May 21, 2008 2:46 pm
I voted for more than 8. I have a friend with recurrent m/c, and I have one coworker with IVF twins, three with Clomid babies (excluding myself), two who cannot have children due to Type I Diabetes, and two coworkers who are trying to live child-free after multiple failed IVFs – and this is all within my very school. People (fertile people, to clarify) joke that all of the pregnancies in our halls are due to “something in the water”. Those of us who here who are infertiles only managed to learn about each other’s issues by pure happenstance. I guess we were all drinking from the wrong water fountains.
May 21, 2008 5:51 pm
I definitely know more than 8, but I’m also very out therefore other people come out to me too. Even if I only count people I was friends with long before finding out that we were infertile, it would still number many more than 8 (and I’m counting each couple only as 1 too).
Josh lived in Israel with 5 other guys. So out of the 6 of them, 4 of the couples did fertility treatments. 1 hasn’t started trying yet. The other couple I think got pregnant without assistance.
In a circle of 4 friends here in town, all 4 of us ended up at the same clinic.
Those are just the circles where everyone knows each other. I haven’t even begun counting the scattered friends.
May 22, 2008 12:26 am
In my personal life, I know 5 people for sure. 2 girls I went to high school with, my aunt, my college roommate, and a woman I used to work with. I would not be surprised to find that there are others and I’ve just never been told directly.
May 22, 2008 2:19 am
Maybe I have had one too many pom martinis, but I got stuck on the fact that the stat looked at FIFTEEN YEAR OLDS…what 15 year old is worried that they can’t conceive? But anyway, I just counted at 7 people IRL that I know had trouble conceiving, not including myself.
May 22, 2008 6:17 am
Hey, longtime lurker, 1st time commenter here. PJ, your blog has gotten me through some really rough days.
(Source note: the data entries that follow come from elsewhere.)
lemma column_word_first_gap:
  assumes w: "column_word n k w" and "\<exists>j\<in>{1..k}. w j \<noteq> j"
  obtains j0 a where "j0 \<in> {1..k}" "w j0 = Suc a" "j0 \<le> a" "\<forall>j\<in>{1..k}. w j \<noteq> a"
    and "\<And>j. j \<in> {1..k} \<Longrightarrow> j < j0 \<Longrightarrow> w j = j"
proof -
  define j0 where "j0 = (LEAST j. j \<in> {1..k} \<and> w j \<noteq> j)"
  have "j0 \<in> {1..k} \<and> w j0 \<noteq> j0"
    unfolding j0_def by (rule LeastI_ex) (use assms(2) in blast)
  then have j0: "j0 \<in> {1..k}" "w j0 \<noteq> j0" by simp_all
  have fixed: "w j = j" if "j \<in> {1..k}" "j < j0" for j
    using not_less_Least[of j "\<lambda>j. j \<in> {1..k} \<and> w j \<noteq> j"] that unfolding j0_def by blast
  have "j0 \<le> w j0"
  proof (cases "j0 = 1")
    case False
    then have "j0 - 1 \<in> {1..k}" "w (j0 - 1) = j0 - 1" using j0(1) fixed by auto
    then show ?thesis using column_word_less[OF w _ j0(1), of "j0 - 1"] False j0(1) by simp
  qed (use column_word_letter[OF w j0(1)] in simp)
  then obtain a where a: "w j0 = Suc a" "j0 \<le> a" using j0(2) by (cases "w j0") auto
  have "w j \<noteq> a" if "j \<in> {1..k}" for j
  proof (cases "j < j0")
    case True then show ?thesis using fixed[OF that] a by simp
  next
    case False then show ?thesis using column_word_less[OF w j0(1) that] a by (cases "j = j0") auto
  qed
  then show thesis using that j0(1) a fixed by blast
qed

lemma column_word_run_start:
  assumes w: "column_word n k w" and j0: "j0 \<in> {1..k}" and jb: "jb \<in> {1..k}" "j0 < jb"
    and gap: "w j0 + (jb - j0) < w jb"
  obtains jl where "j0 < jl" "jl \<le> jb" "w jl + (jb - jl) = w jb" "\<forall>j\<in>{1..k}. w j \<noteq> w jl - 1"
proof -
  let ?P = "\<lambda>j. j0 < j \<and> j \<le> jb \<and> w j + (jb - j) = w jb"
  define jl where "jl = (LEAST j. ?P j)"
  have Pjl: "?P jl" using LeastI[of ?P jb] jb(2) unfolding jl_def by simp
  have jl: "jl \<in> {1..k}" using Pjl j0 jb by auto
  have "w j \<noteq> w jl - 1" if j: "j \<in> {1..k}" for j
  proof
    assume "w j = w jl - 1"
    moreover have pos: "w jl = Suc (w jl - 1)" using column_word_letter[OF w jl] by simp
    ultimately have "jl = Suc j" using column_word_Suc_letter[OF w j jl] by simp
    moreover have "w j + (jb - j) = w jb" using Pjl \<open>w j = w jl - 1\<close> pos calculation by arith
    ultimately show False
      using Pjl gap Least_le[of ?P j] unfolding jl_def[symmetric] by (cases "j = j0") auto
  qed
  then show thesis using that Pjl by blast
qed

text \<open>
  In row a, the +1 of the letter 2n-a (the bar of a+1) comes after the -1 of the letter a+1 and
  cancels it.  The block of consecutive letters ending at 2n-a then starts with a letter x+1
  with x > n missing, and the -1 of this letter is unmatched in row 2n-x.
\<close>

lemma eps_column_pos_of_close_bar_partner:
  assumes w: "column_word n k w" and j0: "j0 \<in> {1..k}" "w j0 = Suc a" and a: "a < n"
    and jb: "jb \<in> {1..k}" "w jb = 2 * n - a" and close: "jb + a < j0 + n"
  shows "\<exists>i\<in>{1..n}. 0 < eps (column n k m w) i"
proof -
  have "w j0 < w jb" using j0(2) jb(2) a by linarith
  then have "j0 < jb" using column_word_less[OF w j0(1) jb(1)] by simp
  moreover have "w j0 + (jb - j0) < w jb" using j0(2) jb(2) close a by simp
  ultimately obtain jl where jl: "j0 < jl" "jl \<le> jb" "w jl + (jb - jl) = w jb"
    and absent: "\<forall>j\<in>{1..k}. w j \<noteq> w jl - 1"
    using column_word_run_start[OF w j0(1) jb(1)] by blast
  define x where "x = w jl - 1"
  have jl_k: "jl \<in> {1..k}" using jl jb(1) j0(1) by auto
  have x: "w jl = Suc x" "n < x" "x < 2 * n" using jl jb(2) close a unfolding x_def by auto
  have "0 < eps (column n k m w) (color n x)"
  proof (rule eps_column_pos_of_unmatched_target[OF w jl_k x(1) _ absent[folded x_def]])
    show "x \<in> {1..<2 * n}" using x by simp
    fix x' j assume x': "x' \<in> arrow_sources n (color n x)" "x' \<noteq> x" and j: "j \<in> {1..k}" "w j = x'"
    have "x' = 2 * n - x" using x' x by (auto simp: arrow_sources_def color_def split: if_splits)
    then have "w j0 \<le> w j" using x jl j(2) jb(2) j0(2) by arith
    then have "j0 \<le> j" using column_word_less[OF w j(1) j0(1)] by linarith
    then have "jl + n \<le> j + x" using x jl jb(2) close by arith
    then show "edge_time n x' (int k + m - int j) \<le> edge_time n x (int k + m - int jl)"
      using \<open>x' = 2 * n - x\<close> x by (simp add: edge_time_def)
  qed
  then show ?thesis using arrow_sources_color(1)[of x n] x by auto
qed

lemma column_not_highest_weight:
  assumes w: "column_word n k w" and "\<exists>j\<in>{1..k}. w j \<noteq> j"
  shows "\<exists>i\<in>{1..n}. 0 < eps (column n k m w) i"
proof -
  obtain j0 a where j0: "j0 \<in> {1..k}" "w j0 = Suc a" "j0 \<le> a" and absent: "\<forall>j\<in>{1..k}. w j \<noteq> a"
    and fixed: "\<And>j. j \<in> {1..k} \<Longrightarrow> j < j0 \<Longrightarrow> w j = j"
    using column_word_first_gap[OF assms] by blast
  have a: "a \<in> {1..<2 * n}" using column_word_letter[OF w j0(1)] j0 by auto
  let ?e = "\<lambda>x j. edge_time n x (int k + m - int j)"
  have descent: "\<exists>i\<in>{1..n}. 0 < eps (column n k m w) i"
    if "\<And>x' j. x' \<in> arrow_sources n (color n a) \<Longrightarrow> x' \<noteq> a \<Longrightarrow> j \<in> {1..k} \<Longrightarrow> w j = x'
      \<Longrightarrow> \<forall>j'\<in>{1..k}. w j' \<noteq> Suc x' \<Longrightarrow> ?e x' j \<le> ?e a j0"
    using eps_column_pos_of_unmatched_target[OF w j0(1,2) a absent that] arrow_sources_color(1)[OF a]
    by blast
  consider "a = n" | "n < a" | "a < n" by linarith
  then show ?thesis
  proof cases
    case 1
    then have "arrow_sources n (color n a) = {a}"
      using a arrow_sources_eq[of n n] by (simp add: color_def)
    then show ?thesis by (intro descent) auto
  next
    case 2
    show ?thesis
    proof (rule descent)
      fix x' j assume x': "x' \<in> arrow_sources n (color n a)" "x' \<noteq> a" and j: "j \<in> {1..k}" "w j = x'"
        and absent': "\<forall>j'\<in>{1..k}. w j' \<noteq> Suc x'"
      have "x' = 2 * n - a" using x' 2 by (auto simp: arrow_sources_def color_def split: if_splits)
      then have "w j < w j0" using j(2) j0(2) 2 by linarith
      then have "j < j0" using column_word_less[OF w j(1) j0(1)] by simp
      then have "j = x'" using fixed[OF j(1)] j(2) by simp
      have "j0 \<le> Suc j"
      proof (rule ccontr)
        assume "\<not> j0 \<le> Suc j"
        then show False using fixed[of "Suc j"] absent' j0(1) \<open>j = x'\<close> by auto
      qed
      then show "?e x' j \<le> ?e a j0" using \<open>x' = 2 * n - a\<close> 2 by (simp add: edge_time_def)
    qed
  next
    case 3
    show ?thesis
    proof (cases "\<exists>jb\<in>{1..k}. w jb = 2 * n - a \<and> jb + a < j0 + n")
      case True
      then show ?thesis using eps_column_pos_of_close_bar_partner[OF w j0(1,2) 3] by blast
    next
      case False
      show ?thesis
      proof (rule descent)
        fix x' j assume x': "x' \<in> arrow_sources n (color n a)" "x' \<noteq> a" and j: "j \<in> {1..k}" "w j = x'"
        have "x' = 2 * n - a" using x' 3 by (auto simp: arrow_sources_def color_def split: if_splits)
        then show "?e x' j \<le> ?e a j0" using False j 3 by (force simp: edge_time_def)
      qed
    qed
  qed
qed

section \<open>The crystal M_k(m)\<close>

lemma pair_row_identity:
  assumes "1 \<le> x"
  shows "pair_row n k m (\<lambda>j. j) x b = (if x = k \<and> b = edge_time n x m then 1 else 0)"
proof -
  have "(\<exists>j\<in>{1..k}. j = x \<and> b = edge_time n x (int k + m - int j))
      \<longleftrightarrow> x \<le> k \<and> b = edge_time n x (int k + m - int x)"
    using assms by auto
  moreover have "(\<exists>j\<in>{1..k}. j = Suc x \<and> b = edge_time n x (int k + m - int j) + 1)
      \<longleftrightarrow> x < k \<and> b = edge_time n x (int k + m - int x)"
    by (auto simp: edge_time_def)
  ultimately show ?thesis unfolding pair_row_def by (auto simp: edge_time_def)
qed

lemma column_identity:
  assumes "k \<le> 2 * n"
  shows "column n k m (\<lambda>j. j) = (if k \<le> n then Ymon n k m else Ymon n (2 * n - k) (m - int n + int k))"
proof (intro ext)
  fix a b
  show "column n k m (\<lambda>j. j) a b = (if k \<le> n then Ymon n k m else Ymon n (2 * n - k) (m - int n + int k)) a b"
  proof (cases "a \<in> {1..n}")
    case True
    have w: "column_word n k (\<lambda>j. j)" using assms by (simp add: column_word_def strict_mono_on_def)
    have "column n k m (\<lambda>j. j) a b
        = (\<Sum>x\<in>arrow_sources n a. if x = k then (if b = edge_time n x m then 1 else 0) else 0)"
      unfolding column_row[OF w True] by (intro sum.cong) (auto simp: pair_row_identity arrow_sources_def)
    also have "\<dots> = (if k \<in> arrow_sources n a \<and> b = edge_time n k m then 1 else 0)"
      by (simp add: finite_arrow_sources)
    finally show ?thesis
      using True assms by (auto simp: arrow_sources_def color_def edge_time_def Ymon_def)
  next
    case False
    then show ?thesis using column_outside_rows[of a n] by (auto simp: Ymon_def)
  qed
qed

lemma component_subset_columns:
  assumes "k \<le> 2 * n" and "M \<in> component n (column n k m (\<lambda>j. j))"
  shows "M \<in> Mk n k m"
  using assms(2)
proof (induction rule: component.induct)
  case base
  have "column_word n k (\<lambda>j. j)" using assms(1) by (simp add: column_word_def strict_mono_on_def)
  then show ?case unfolding Mk_eq_columns by blast
next
  case (fstep M i M')
  then show ?case unfolding Mk_eq_columns using ftil_column by blast
next
  case (estep M i M')
  then show ?case unfolding Mk_eq_columns using etil_column by blast
qed

lemma column_in_component:
  assumes "column_word n k w"
  shows "column n k m w \<in> component n (column n k m (\<lambda>j. j))"
  using assms
proof (induction "letter_sum k w" arbitrary: w rule: less_induct)
  case less
  show ?case
  proof (cases "\<forall>j\<in>{1..k}. w j = j")
    case True
    then have "column n k m w = column n k m (\<lambda>j. j)" unfolding column_def by simp
    then show ?thesis using component.base by simp
  next
    case False
    obtain i where i: "i \<in> {1..n}" and "0 < eps (column n k m w) i"
      using column_not_highest_weight[OF less.prems] False by blast
    then obtain y' where e: "etil n i (column n k m w) = Some y'" by (simp add: etil_def)
    then obtain w' where w': "column_word n k w'" "letter_sum k w' < letter_sum k w"
      and "y' = column n k m w'"
      using etil_column[OF less.prems i] by blast
    moreover have "ftil n i y' = Some (column n k m w)"
      by (rule ftil_etil_inverse[OF finite_support_column_row[OF less.prems i] i e])
    ultimately show ?thesis using component.fstep[OF less.hyps[OF w'(2,1)] i] by blast
  qed
qed

lemma Mk_eq_component:
  assumes "k \<le> 2 * n"
  shows "Mk n k m = component n (column n k m (\<lambda>j. j))"
  using component_subset_columns[OF assms] column_in_component unfolding Mk_eq_columns by blast

lemma crystal_iso_refl:
  assumes "closed_sub n S"
  shows "crystal_iso n S S"
  unfolding crystal_iso_def using assms by (auto intro!: exI[of _ id] simp: option.map_id)

lemma closed_sub_component: "closed_sub n (component n Y)"
  unfolding closed_sub_def using component.fstep component.estep by blast

theorem lemma5p4:
  fixes n k :: nat and m :: int
  assumes "n \<ge> 2" and "k \<in> {1..2 * n}"
  shows "crystal_iso n (Mk n k m)
           (if k \<le> n then component n (Ymon n k m)
            else component n (Ymon n (2 * n - k) (m - int n + int k)))"
proof -
  have "k \<le> 2 * n" using assms(2) by simp
  then have "Mk n k m = (if k \<le> n then component n (Ymon n k m)
            else component n (Ymon n (2 * n - k) (m - int n + int k)))"
    by (simp add: Mk_eq_component column_identity)
  then show ?thesis using crystal_iso_refl[OF closed_sub_component] by metis
qed

end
I’d have to say 0. Yup, that’s right. IRL I’ve NEVER met another couple who had ANY trouble TTC. The longest wait was TWO WEEKS. Yup. Maybe it’s because I’m 23 (DH is 25).
The day I found your blog was the first day I didn’t feel totally alone. Thanks.
May 23, 2008 1:04 am
I’m glad I could help in some way…but I’m sorry you have to face this experience and hope it ends soon for you.
May 22, 2008 5:58 pm
I wanted to expound on the poll a bit. In real life I actually know 5 just in my church that have had IF issues.
In my family, there are 6 with varying issues. My sisters, my grandmother and my mother all have PCOS and my cousin has had several miscarriages and an adoption.
On line, there are 9 of us that are in varying stages of treatment and success. So, I guess that means that I know 18 people touched by IF.
Damn… that sucks.
June 17, 2008 3:33 pm
hello, i read about you in a sunday paper here in my country,( i am from nigeria) and was really touched with what u went through, and i must commend the courage and bold steps you and your husband took to go on about ur normal lives, i know it was difficult but i greatly admire ur courage. i am just 20yrs old, sumtimes i try to figure out why things happen the way they are, why some people are getting what they want and others are not, but this really is much beyond my comprehension. i really want to be a friend of yours if u would permit me, and i’d be grateful, because i feel and know that u are a special person. thanks.. simon. plssssss i’d gladly appreciate it if u write me through my mail address. thanks, and God bless you for the good work u are doing.